I'm currently in the living room of our house, waiting for him to come home. No matter what time it is, I keep waiting for his return, trying my best to stay awake. He never messages me to let me know when he's coming home, but I still want to be here, waiting for my husband to arrive.

I heard a car outside, so I rushed to the window to see who it was. I saw Mingi getting out of the car, and it was clear that he was drunk. Without hesitation, I went outside to meet him and offer my support.

"B-babe, let me help you. You're drunk," I said as I reached out to hold him, but he abruptly pushed my hand away.

"Who the hell are you?" he said, which caught me off guard and suddenly gave me a heartache. I took a deep breath before speaking.

"I'm your husband. Please, babe, just let me help you," I almost pleaded said with him.

"Oh, my slut husband," he said in his drunken state, followed by laughter. I chose to ignore his words, even though I've grown used to him calling me that. It still hurt. I supported him as we entered our house and made our way to our former bedroom.

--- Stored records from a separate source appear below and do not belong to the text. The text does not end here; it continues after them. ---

lemma prox_argmin_strong_subgradient:
  fixes f :: "'y::real_inner \<Rightarrow> ereal"
  assumes sc: "strongly_convex_with f c0" and pf: "proper_fun f" and min: "prox_argmin f m \<rho> w u"
    and fv: "f v = ereal a" and fu: "f u = ereal b"
  shows "b + inner (m + \<rho> *\<^sub>R (w - u)) (v - u) + c0 * (norm (v - u))\<^sup>2 \<le> a"
proof -
  define d where "d = v - u"
  define N where "N = (norm d)\<^sup>2"
  define G where "G = inner (m + \<rho> *\<^sub>R (w - u)) d"
  have "0 \<le> a - b - G - c0 * N"
  proof (rule nonneg_if_quadratic_nonneg_near_0[of _ "c0 * N + \<rho> / 2 * N"])
    fix t :: real
    assume t0: "0 < t" and t1: "t < 1"
    define ut where "ut = u + t *\<^sub>R d"
    have "t *\<^sub>R v + (1 - t) *\<^sub>R u = ut"
      by (simp add: ut_def d_def algebra_simps)
    hence conv: "f ut + ereal (c0 * t * (1 - t) * N) \<le> ereal t * f v + ereal (1 - t) * f u"
      using sc t0 t1 unfolding strongly_convex_with_def N_def d_def
      by (metis less_eq_real_def)
    have "f ut \<noteq> -\<infinity>" using pf unfolding proper_fun_def by blast
    moreover have "f ut \<noteq> \<infinity>" using conv fv fu by auto
    ultimately obtain e where fe: "f ut = ereal e" by (cases "f ut") auto
    from conv fv fu fe have i1: "e + c0 * t * (1 - t) * N \<le> t * a + (1 - t) * b" by simp
    from min fu fe have
      "b - inner m u + \<rho> / 2 * (norm (w - u))\<^sup>2 \<le> e - inner m ut + \<rho> / 2 * (norm (w - ut))\<^sup>2"
      unfolding prox_argmin_def by (auto dest: spec[of _ ut])
    moreover have "inner m ut = inner m u + t * inner m d"
      by (simp add: ut_def inner_add_right)
    moreover have "(norm (w - ut))\<^sup>2 = (norm (w - u))\<^sup>2 - 2 * t * inner (w - u) d + t\<^sup>2 * N"
      using power2_norm_add_scaleR[of "w - u" "-t" d] by (simp add: ut_def N_def algebra_simps)
    ultimately have i2: "b \<le> e - t * inner m d - \<rho> * t * inner (w - u) d + \<rho> / 2 * t\<^sup>2 * N"
      by (simp add: algebra_simps)
    have "t * G = t * inner m d + \<rho> * t * inner (w - u) d"
      by (simp add: G_def inner_add_left algebra_simps)
    with i1 i2 show "0 \<le> t * (a - b - G - c0 * N) + t\<^sup>2 * (c0 * N + \<rho> / 2 * N)"
      by (simp add: algebra_simps power2_eq_square)
  qed
  thus ?thesis by (simp add: G_def N_def d_def)
qed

"I hate my slut husband," he said again when we entered the room. I simply laid him down and immediately felt tears welling up in my eyes, but I quickly wiped them away.

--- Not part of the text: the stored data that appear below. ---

lemma E_subset_span: "E \<subseteq> W.span (range u)"
  using basis_seq_in_span span_B range_basis_seq W.span_minimal[of "range basis_seq"]
  by (metis W.subspace_span image_subsetI)

text \<open>Dually, each unit sequence \<delta>_k is a combination of f 0, ..., f (2k+1): at stage 2k+1
  either its coresidual already vanishes, or \<delta>_k was chosen and its normalised
  coresidual became f (2k+1).\<close>

lemma unit_seq_lincomb: "\<exists>N a. unit_seq k = (\<lambda>j. \<Sum>i<N. a i * f i j)"
proof -
  define n where "n = Suc (2 * k)"
  have n: "odd n" "n div 2 = k" by (simp_all add: n_def)
  let ?s = "coresidual u f n (unit_seq k)"
  have decomp: "unit_seq k j = ?s j + (\<Sum>i<n. pairing (unit_seq k) (u i) * f i j)" for j
    by (simp add: coresidual_def)
  show ?thesis
  proof (cases "?s = 0")
    case True
    then have "unit_seq k = (\<lambda>j. \<Sum>i<n. pairing (unit_seq k) (u i) * f i j)"
      using decomp by (simp add: fun_eq_iff)
    then show ?thesis by (intro exI)
  next
    case False
    let ?vh = "choice (fst (stage n)) (snd (stage n)) n"
    define c where "c = pairing (snd ?vh) (residual u f n (fst ?vh))"
    have adm: "admissible u f n ?vh" by (rule choice_uf)
    then have "c \<noteq> 0" by (simp add: admissible_def c_def)
    moreover have h: "snd ?vh = unit_seq k" using adm False n by (simp add: admissible_def)
    ultimately have f_n: "c * f n j = ?s j" for j
      using next_pair_uf(2)[of n, folded c_def] by simp
    define a where "a = (\<lambda>i. if i = n then c else pairing (unit_seq k) (u i))"
    have "unit_seq k j = (\<Sum>i<Suc n. a i * f i j)" for j
    proof -
      have "(\<Sum>i<n. a i * f i j) = (\<Sum>i<n. pairing (unit_seq k) (u i) * f i j)"
        by (rule sum.cong) (auto simp: a_def)
      then show ?thesis using decomp[of j] f_n[of j] by (simp add: a_def)
    qed
    then show ?thesis by (intro exI ext)
  qed
qed

lemma biorthogonal_system_uf: "biorthogonal_system E u f"
proof (rule biorthogonal_system.intro)
  show "u k \<in> E" "f k \<in> finite_seqs" for k
    using biorth_upto_uf[of "Suc k"] by (auto simp: biorth_upto_def)
  show "pairing (f i) (u k) = (if i = k then 1 else 0)" for i k
    using biorth_upto_uf[of "Suc (max i k)"] by (simp add: biorth_upto_def less_Suc_eq_le)
qed (fact subspace E_subset_span unit_seq_lincomb)+

end

lemma dense_countable_dim_onto_finite_seqs:
  fixes E :: "(nat \<Rightarrow> 'a::real_normed_field) set"
  assumes "dense_countable_dim_subspace E"
  shows "\<exists>J. in_GL_omega J \<and> J ` E = finite_seqs"
proof -
  obtain B where "dense_countable_basis E B"
    using assms unfolding dense_countable_dim_subspace_def by (auto intro: dense_countable_basis.intro)
  then interpret dense_countable_basis E B .
  interpret biorthogonal_system E u f by (rule biorthogonal_system_uf)
  show ?thesis by (rule GL_omega_onto_finite_seqs)
qed

lemma GL_omega_transitive:
  fixes E F :: "(nat \<Rightarrow> 'a::real_normed_field) set"
  assumes "dense_countable_dim_subspace E" "dense_countable_dim_subspace F"
  shows "\<exists>J. in_GL_omega J \<and> J ` E = F"
proof -
  obtain J1 where J1: "in_GL_omega J1" "J1 ` E = finite_seqs"
    using dense_countable_dim_onto_finite_seqs[OF assms(1)] by blast
  obtain J2 where J2: "in_GL_omega J2" "J2 ` F = finite_seqs"
    using dense_countable_dim_onto_finite_seqs[OF assms(2)] by blast
  have "(inv J2 \<circ> J1) ` E = inv J2 ` J2 ` F" by (simp only: image_comp[symmetric] J1 J2)
  also have "\<dots> = F" using J2(1) by (simp add: in_GL_omega_def bij_is_inj image_inv_f_f)
  finally show ?thesis using in_GL_omega_comp[OF J1(1) in_GL_omega_inv[OF J2(1)]] by blast
qed

theorem theorem3p1:
  shows "(\<forall>E F :: (nat \<Rightarrow> real) set.
            dense_countable_dim_subspace E \<and> dense_countable_dim_subspace F \<longrightarrow>
            (\<exists>J. in_GL_omega J \<and> J ` E = F)) \<and>
         (\<forall>E F :: (nat \<Rightarrow> complex) set.
            dense_countable_dim_subspace E \<and> dense_countable_dim_subspace F \<longrightarrow>
            (\<exists>J. in_GL_omega J \<and> J ` E = F))"
  by (intro conjI allI impI; elim conjE; rule GL_omega_transitive)

end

Mingi had his eyes closed, and I had to change his clothes so he could sleep comfortably. I slowly unbuttoned his shirt, but when I removed it, I immediately noticed a hickey on his chest, causing me to stop for a minute.

I smelled the shirt he was wearing, and it had the scent of a woman's perfume.

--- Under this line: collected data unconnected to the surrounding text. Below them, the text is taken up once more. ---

text \<open>Multiplying \<open>e\<^sub>d\<^sub>+\<^sub>1\<close> by a sign \<open>x i\<close> (\<open>x i\<^sup>2 = 1\<close>): a \<open>(d+1)\<close>-set avoiding \<open>i\<close> turns into
  the \<open>(d+2)\<close>-set obtained by inserting \<open>i\<close>, one containing \<open>i\<close> into the \<open>d\<close>-set obtained
  by removing it.\<close>

lemma sum_subsets_insert:
  assumes "finite U" "i \<in> U"
  shows "(\<Sum>J\<in>{J\<in>subsets_card U j. i \<notin> J}. x i * (\<Prod>k\<in>J. x k))
       = (\<Sum>I\<in>{I\<in>subsets_card U (Suc j). i \<in> I}. \<Prod>k\<in>I. (x k :: real))"
proof (rule sum.reindex_bij_witness[where i = "\<lambda>I. I - {i}" and j = "\<lambda>J. insert i J"])
  fix I assume I: "I \<in> {I\<in>subsets_card U (Suc j). i \<in> I}"
  then have "finite I" using assms(1) finite_subset unfolding subsets_card_def by blast
  then show "insert i (I - {i}) = I" "I - {i} \<in> {J\<in>subsets_card U j. i \<notin> J}"
    using I unfolding subsets_card_def by auto
next
  fix J assume J: "J \<in> {J\<in>subsets_card U j. i \<notin> J}"
  then have "finite J" using assms(1) finite_subset unfolding subsets_card_def by blast
  then show "insert i J - {i} = J" "insert i J \<in> {I\<in>subsets_card U (Suc j). i \<in> I}"
    "(\<Prod>k\<in>insert i J. x k) = x i * (\<Prod>k\<in>J. x k)" using J assms(2) unfolding subsets_card_def by auto
qed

My heart shattered into pieces, and I fought back the urge to cry. I quickly dressed Mingi and adjusted his position on the bed.

"I love you so much," I said with tears streaming down my face as I kissed his forehead before leaving our former bedroom, which now belonged solely to him.

I returned to the maid's room, which is now my room. Mingi sent our maids back to their own homes, and now I'm the one taking care and cleaning of the entire house.

I lay on the bed and let all the pain overwhelm me. Mingi is cheating on me, and it all started when he wrongly thought I was cheating on him with my best friend, Mark.

Nothing happened between me and Mark. I don't know how we ended up waking up together without wearing any clothes, but we both know nothing happened between us, even though we were both drunk.

I don't know how we ended up in this situation, and I still regret the sin that I never committed.

In an instant, the Mingi who loved me so much disappeared. The Mingi who never physically hurt me, the Mingi who never hurt my feelings, the Mingi who promised he would never cheat on me.

Maybe Mingi will forgive me, I don't know for how long. He can hurt me as long as he wants,  if it makes him feel better. I'm okay with that.

I've been crying every day since that day. It's been almost five months of Mingi coming home drunk nearly every day, often with kiss marks on him—his neck or chest. But I endure the pain, even though it hurts a lot. I think I deserved it.

Even though I know he's trying to get revenge, it's fine. But even though I'm used to it, I can't help but feel hurt. I can't complain because they think I've done something wrong that I should regret.

I only have one friend, Mark, because ever since that day, Mingi has forbidden me from leaving the house. Hongjoong hyung is mad at me because of what I did.